David Walsh
- Born: 29 August 1963 (age 63) Sowerby Bridge, West Yorkshire, England
- Nationality: British (English)

Career history
- 1983, 1993–1995: Glasgow Tigers
- 1983–1986: Sheffield Tigers
- 1983, 1999: Newcastle Diamonds
- 1984, 1989–1992, 1998: Berwick Bandits
- 1985: Ellesmere Port Gunners
- 1987, 1988: Cradley Heathens
- 1996: Middlesbrough Bears
- 1997: Bradford Dukes
- 1998: Coventry Bees
- 2000: Stoke Potters
- 2001: Hull Vikings

Individual honours
- 1995, 1996, 1997: British Championship finalist

Team honours
- 1985: National League Champion
- 1987, 1988: Knockout Cup

= David Walsh (speedway rider) =

English speedway rider

David Michael Walsh (born 29 August 1963) is a former international speedway rider from England.

== Speedway career ==
Walsh rode in the top tier of British Speedway from 1983 to 2001, riding for various clubs. He won the league title with Ellesmere Port Gunners in 1985.

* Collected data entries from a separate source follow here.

(* Every W-cone is a W-state graph.
   Context: Graphs may have parallel edges but no loops. A half-edge $2$-colouring $c$ of $G$ assigns to each pair $(e,w)$ with $w$ an endpoint of edge $e$ a colour in $\{0,1\}$ (0 = blue, 1 = red). An edge $e=uv$ is bichromatic if $c(e,u)\neq c(e,v)$ and monochromatic otherwise; $E_b(G)$, $E_m(G)$ denote the bichromatic and monochromatic edge sets; standing convention: monochromatic edges are blue at both ends. A graph is matching-covered if every edge lies in some perfect matching. A W-state graph is a half-edge $2$-coloured matching-covered graph $(G,c)$ in which every perfect matching contains exactly one bichromatic edge, and every vertex $v$ is incident with an edge $e$ with $c(e,v)=1$. A W-cone is a half-edge $2$-coloured matching-covered graph $(G,c)$ containing a vertex $v$ adjacent to all other vertices (the apex) such that the set of edges incident with $v$ equals $E_b(G)$, $E(G-v)=E_m(G)$, and every vertex $u$ is incident with an edge $e$ with $c(e,u)=1$. *)

theory Defs
  imports Main
begin

text \<open>Parallel edges are allowed since distinct edges may have equal endpoint sets.\<close>
definition multigraph :: "'v set \<Rightarrow> 'e set \<Rightarrow> ('e \<Rightarrow> 'v set) \<Rightarrow> bool" where
  "multigraph V E ends \<longleftrightarrow> finite V \<and> finite E \<and>
     (\<forall>e\<in>E. ends e \<subseteq> V \<and> card (ends e) = 2)"

text \<open>Half-edge 2-colouring: c e w is the colour of the half-edge (e,w);
  False = 0 = blue, True = 1 = red. Only values with w an endpoint of e matter.\<close>

definition bichromatic :: "('e \<Rightarrow> 'v set) \<Rightarrow> ('e \<Rightarrow> 'v \<Rightarrow> bool) \<Rightarrow> 'e \<Rightarrow> bool" where
  "bichromatic ends c e \<longleftrightarrow> (\<exists>u\<in>ends e. \<exists>w\<in>ends e. c e u \<noteq> c e w)"

definition bichromatic_edges :: "'e set \<Rightarrow> ('e \<Rightarrow> 'v set) \<Rightarrow> ('e \<Rightarrow> 'v \<Rightarrow> bool) \<Rightarrow> 'e set" where
  "bichromatic_edges E ends c = {e\<in>E. bichromatic ends c e}"

definition monochromatic_edges :: "'e set \<Rightarrow> ('e \<Rightarrow> 'v set) \<Rightarrow> ('e \<Rightarrow> 'v \<Rightarrow> bool) \<Rightarrow> 'e set" where
  "monochromatic_edges E ends c = {e\<in>E. \<not> bichromatic ends c e}"

definition mono_blue :: "'e set \<Rightarrow> ('e \<Rightarrow> 'v set) \<Rightarrow> ('e \<Rightarrow> 'v \<Rightarrow> bool) \<Rightarrow> bool" where
  "mono_blue E ends c \<longleftrightarrow>
     (\<forall>e\<in>monochromatic_edges E ends c. \<forall>w\<in>ends e. \<not> c e w)"

definition perfect_matching :: "'v set \<Rightarrow> 'e set \<Rightarrow> ('e \<Rightarrow> 'v set) \<Rightarrow> 'e set \<Rightarrow> bool" where
  "perfect_matching V E ends M \<longleftrightarrow> M \<subseteq> E \<and>
     (\<forall>v\<in>V. \<exists>!e. e \<in> M \<and> v \<in> ends e)"

definition matching_covered :: "'v set \<Rightarrow> 'e set \<Rightarrow> ('e \<Rightarrow> 'v set) \<Rightarrow> bool" where
  "matching_covered V E ends \<longleftrightarrow>
     (\<forall>e\<in>E. \<exists>M. perfect_matching V E ends M \<and> e \<in> M)"

definition has_red_halfedge ::
  "'v set \<Rightarrow> 'e set \<Rightarrow> ('e \<Rightarrow> 'v set) \<Rightarrow> ('e \<Rightarrow> 'v \<Rightarrow> bool) \<Rightarrow> bool" where
  "has_red_halfedge V E ends c \<longleftrightarrow> (\<forall>u\<in>V. \<exists>e\<in>E. u \<in> ends e \<and> c e u)"

definition W_state_graph ::
  "'v set \<Rightarrow> 'e set \<Rightarrow> ('e \<Rightarrow> 'v set) \<Rightarrow> ('e \<Rightarrow> 'v \<Rightarrow> bool) \<Rightarrow> bool" where
  "W_state_graph V E ends c \<longleftrightarrow>
     matching_covered V E ends \<and>
     (\<forall>M. perfect_matching V E ends M \<longrightarrow> card (M \<inter> bichromatic_edges E ends c) = 1) \<and>
     has_red_halfedge V E ends c"

definition W_cone ::
  "'v set \<Rightarrow> 'e set \<Rightarrow> ('e \<Rightarrow> 'v set) \<Rightarrow> ('e \<Rightarrow> 'v \<Rightarrow> bool) \<Rightarrow> bool" where
  "W_cone V E ends c \<longleftrightarrow>
     matching_covered V E ends \<and>
     (\<exists>v\<in>V.
        (\<forall>u\<in>V - {v}. \<exists>e\<in>E. ends e = {v, u}) \<and>
        {e\<in>E. v \<in> ends e} = bichromatic_edges E ends c \<and>
        {e\<in>E. v \<notin> ends e} = monochromatic_edges E ends c) \<and>
     has_red_halfedge V E ends c"

end

theory Submission
  imports Defs
begin

text \<open>A perfect matching covers the apex by exactly one edge, and in a W-cone the edges
  at the apex are precisely the bichromatic ones. Neither the multigraph axioms nor the
  colour convention for monochromatic edges is needed.\<close>

lemma card_perfect_matching_inter_incident:
  assumes "perfect_matching V E ends M" and "v \<in> V"
  shows "card (M \<inter> {f\<in>E. v \<in> ends f}) = 1"
proof -
  from assms have "M \<subseteq> E" and "\<exists>!e. e \<in> M \<and> v \<in> ends e"
    unfolding perfect_matching_def by auto
  then obtain e where "e \<in> M" "v \<in> ends e"
    and "\<And>f. f \<in> M \<Longrightarrow> v \<in> ends f \<Longrightarrow> f = e"
    by blast
  with \<open>M \<subseteq> E\<close> have "M \<inter> {f\<in>E. v \<in> ends f} = {e}"
    by blast
  then show ?thesis by simp
qed

theorem mainTheorem7:
  fixes V :: "'v set" and E :: "'e set" and ends :: "'e \<Rightarrow> 'v set"
    and c :: "'e \<Rightarrow> 'v \<Rightarrow> bool"
  assumes "multigraph V E ends"
    and "mono_blue E ends c"
    and "W_cone V E ends c"
  shows "W_state_graph V E ends c"
proof -
  from assms(3) have covered: "matching_covered V E ends" and red: "has_red_halfedge V E ends c"
    unfolding W_cone_def by auto
  from assms(3) obtain apex where apex: "apex \<in> V"
    and apex_edges: "{e\<in>E. apex \<in> ends e} = bichromatic_edges E ends c"
    unfolding W_cone_def by blast
  have "card (M \<inter> bichromatic_edges E ends c) = 1"
    if "perfect_matching V E ends M" for M
    using card_perfect_matching_inter_incident[OF that apex] by (simp only: apex_edges)
  with covered red show ?thesis
    unfolding W_state_graph_def by blast
qed

end
text \<open>The two ones of a rotation of \<open>1 + 2^k\<close> are at cyclic distance \<open>k\<close>; as \<open>2k < m\<close>, the higher
  one sits at position at least \<open>k\<close>.\<close>

lemma pow2_plus_1_rotation_ge:
  assumes "1 \<le> k" "2 * k < m" "j < m"
  shows "2 ^ k \<le> (1 + 2 ^ k) * 2 ^ j mod (2 ^ m - 1::nat)"
proof (cases "k + j < m")
  case True
  have "(1 + 2 ^ k) * 2 ^ j = (2::nat) ^ (k + j) + 2 ^ j" by (simp add: power_add algebra_simps)
  moreover have "(2::nat) ^ (k + j) + 2 ^ j < 2 ^ m - 1"
    using True assms by (intro pow2_add_pow2_less_mersenne) auto
  ultimately have "(1 + 2 ^ k) * 2 ^ j mod (2 ^ m - 1) = (2::nat) ^ (k + j) + 2 ^ j" by simp
  moreover have "(2::nat) ^ k \<le> 2 ^ (k + j)" by (intro power_increasing) auto
  ultimately show ?thesis by linarith
next
  case False
  define e where "e = k + j - m"
  have "(1 + 2 ^ k) * 2 ^ j = (2::nat) ^ j + 2 ^ (k + j)" by (simp add: power_add algebra_simps)
  also have "(2::nat) ^ (k + j) = 2 ^ m * 2 ^ e" using False by (simp add: e_def flip: power_add)
  also have "(2::nat) ^ m * 2 ^ e = (2 ^ m - 1) * 2 ^ e + 2 ^ e" by (simp add: algebra_simps)
  finally have eq: "(1 + 2 ^ k) * 2 ^ j = (2::nat) ^ j + 2 ^ e + (2 ^ m - 1) * 2 ^ e" by simp
  have "(2::nat) ^ j + 2 ^ e < 2 ^ m - 1"
    using False assms by (intro pow2_add_pow2_less_mersenne) (auto simp: e_def)
  then have "(1 + 2 ^ k) * 2 ^ j mod (2 ^ m - 1) = (2::nat) ^ j + 2 ^ e"
    unfolding eq by simp
  moreover have "(2::nat) ^ k \<le> 2 ^ j" using False assms by (intro power_increasing) auto
  ultimately show ?thesis by linarith
qed

lemma pow2_plus_1_notin_bch_zeros:
  assumes "k \<ge> 2" "2 * k < m"
  shows "1 + 2 ^ k \<notin> bch_zeros (2 ^ m - 1) (2 ^ k - 1)"
proof
  assume "1 + 2 ^ k \<in> bch_zeros (2 ^ m - 1) (2 ^ k - 1)"
  then obtain j where j: "j \<le> 2 ^ k - 1 - 2" "1 + 2 ^ k \<in> cyc_coset (2 ^ m - 1) (1 + j)"
    unfolding bch_zeros_def by auto
  have m: "m \<ge> 2" using assms by linarith
  have "(4::nat) \<le> 2 ^ k" "(2::nat) ^ k < 2 ^ m"
    using power_increasing[of 2 k "2::nat"] power_strict_increasing[of k m "2::nat"] assms by simp_all
  then have "1 + j < 2 ^ m - 1" using j(1) by linarith
  then have "1 + j \<in> cyc_coset (2 ^ m - 1) (1 + 2 ^ k)" using cyc_coset_sym[OF m _ j(2)] by blast
  then obtain i where "1 + j = (1 + 2 ^ k) * 2 ^ i mod (2 ^ m - 1)"
    unfolding cyc_coset_iff by blast
  then have "1 + j = (1 + 2 ^ k) * 2 ^ (i mod m) mod (2 ^ m - 1)"
    using pow2_mult_mod_mersenne_reduce[OF m, of "1 + 2 ^ k" i] by (rule trans)
  then have "2 ^ k \<le> 1 + j" using pow2_plus_1_rotation_ge[of k m "i mod m"] assms m by simp
  then show False using j(1) \<open>4 \<le> 2 ^ k\<close> by linarith
qed

lemma pow2_plus_1_in_low_weight:
  assumes "k \<ge> 3" "2 * k < m"
  shows "1 + 2 ^ k \<in> low_weight m (k - 1)"
proof -
  have "(8::nat) \<le> 2 ^ k" "(2::nat) ^ Suc k \<le> 2 ^ m"
    using power_increasing[of 3 k "2::nat"] power_increasing[of "Suc k" m "2::nat"] assms by simp_all
  then have "1 + 2 ^ k < (2 ^ m - 1::nat)" by simp
  moreover have "w2 (1 + 2 ^ k) = 2"
    using w2_add_pow2[of 1 k] \<open>8 \<le> 2 ^ k\<close> w2_rec[of 1] by simp
  ultimately show ?thesis using assms(1) by (simp add: low_weight_def)
qed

Walsh completed three spells with Berwick Bandits in 1984, from 1989 to 1992 and again in 1998. His second spell started in 1989, when he transferred from Cradley Heathens. It was at Cradley during the 1987 British League season and 1988 British League seasons that Walsh won the Knockout Cup.

Walsh reached the final of the British Speedway Championship on three occasions in 1995, 1996 and 1997.